По МАРИЛИЯ АМОРИМ*
С апельсинами или без, с «адвокатами» или без них, сегодня в стране нет ни политика, ни юриста, ни магистрата с дискурсивной силой Лулы.
Народное происхождение Лулы отмечено в его языке. Вчера «менас апельсинс», сегодня «адвокат». Более того, свойство языка раскрывать то, что мы есть. Механический токарь, который, к отчаянию нашей отсталой элиты, стал президентом республики, не имел возможности закончить учебу и всегда будет объектом насмешек, от самых мягких до самых извращенных. Всегда будет нездоровая потребность принижать его, даже за то, что он потерял палец в своем ремесле.
Наш посредственный средний класс определенно предпочитал мезоклизу вампира (Темер) или учителя португальского языка из Мату-Гросу, который говорил: «Я сделал это, потому что хотел» (Ханио). Но учитель уволился, а токарь уже предупредил, что не сдастся. Так что ей остается только подчеркивать красной ручкой «ошибки своего плохого португальского».[Я].
Так получилось, что социолингвистика, дисциплина, продвигаемая в прошлом веке Виллианом Лабовым, объясняет нам, что нельзя путать регистр письменного языка с регистром устной речи. Одно из самых известных его исследований[II] продемонстрировали, что язык черных гетто Нью-Йорка, который считался бедным и неспособным, был столь же эффективен и богат, как и язык доминирующих социальных групп. Если кто сомневается, просто вспомните слова Порги и Бесс, опера Джорджа Гершвина[III]: Бесс, теперь ты моя женщина, ты, ты...

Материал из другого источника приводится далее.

(* Let $d\geq 3$, $2\leq k\leq d-1$ and $\theta>0$. If $A\subset\mathbb{R}^d$ has positive reach, $x\in A$, $v_1,\dots,v_k\in\operatorname{Tan}(A,x)\cap S^{d-1}$ and $\Theta(\sigma(0,v_1,\dots,v_k))\geq\theta$, then there exists $\delta>0$ such that any two points $a,b\in B(x,\delta)\cap A$ with $a\neq b$ are $(A,k,2^{-(k+2)}k^{-1}\theta)$-related.
   Context: A set has positive reach if there is $\varepsilon>0$ such that every point at distance less than $\varepsilon$ from it has a unique nearest point in it. $\operatorname{Tan}(A,x)$ is the tangent cone ($u\in\operatorname{Tan}(A,x)$ iff $u=0$ or $r_i(x_i-x)\to u$ for some $x\neq x_i\in A$, $x_i\to x$, $r_i>0$). For $a_0,\dots,a_k\in\mathbb{R}^d$, $\sigma(a_0,\dots,a_k)=\operatorname{conv}\{a_0,\dots,a_k\}$, $|\sigma|$ is its $k$-dimensional volume and (if $\operatorname{diam}\sigma>0$) $\Theta(\sigma)=|\sigma|/(\operatorname{diam}\sigma)^k$. Points $a\neq b$ are $(A,k,\theta')$-related if there exist $z_1,\dots,z_{k-1}\in A$ with $\Theta(\sigma(a,b,z_1,\dots,z_{k-1}))\geq\theta'$. *)

theory Defs
  imports "HOL-Analysis.Analysis"
begin

definition positive_reach :: "'a::euclidean_space set \<Rightarrow> bool" where
  "positive_reach A \<longleftrightarrow> (\<exists>\<epsilon>>0. \<forall>y. infdist y A < \<epsilon> \<longrightarrow>
      (\<exists>!p. p \<in> A \<and> (\<forall>q\<in>A. dist y p \<le> dist y q)))"

definition Tan :: "'a::euclidean_space set \<Rightarrow> 'a \<Rightarrow> 'a set" where
  "Tan A x = {u. u = 0 \<or> (\<exists>xs r. (\<forall>i. xs i \<in> A \<and> xs i \<noteq> x) \<and> xs \<longlonglongrightarrow> x \<and>
      (\<forall>i. r i > 0) \<and> (\<lambda>i. r i *\<^sub>R (xs i - x)) \<longlonglongrightarrow> u)}"

definition det_nat :: "nat \<Rightarrow> (nat \<Rightarrow> nat \<Rightarrow> real) \<Rightarrow> real" where
  "det_nat k M = (\<Sum>p | p permutes {..<k}. of_int (sign p) * (\<Prod>i<k. M i (p i)))"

Если мы установим письменность как норму речи, мы обнаружим, что все мы «говорим неправильно». Я, например, кариока с юга города, пишу адвокат Но я говорю "адвокат". То есть я говорю так же "неправильно", как Лула, так как после d не имеет гласной, не имеет e ни один i. Впрочем, ни о каком разврате из-за этого я ни разу не слышал i несвоевременно.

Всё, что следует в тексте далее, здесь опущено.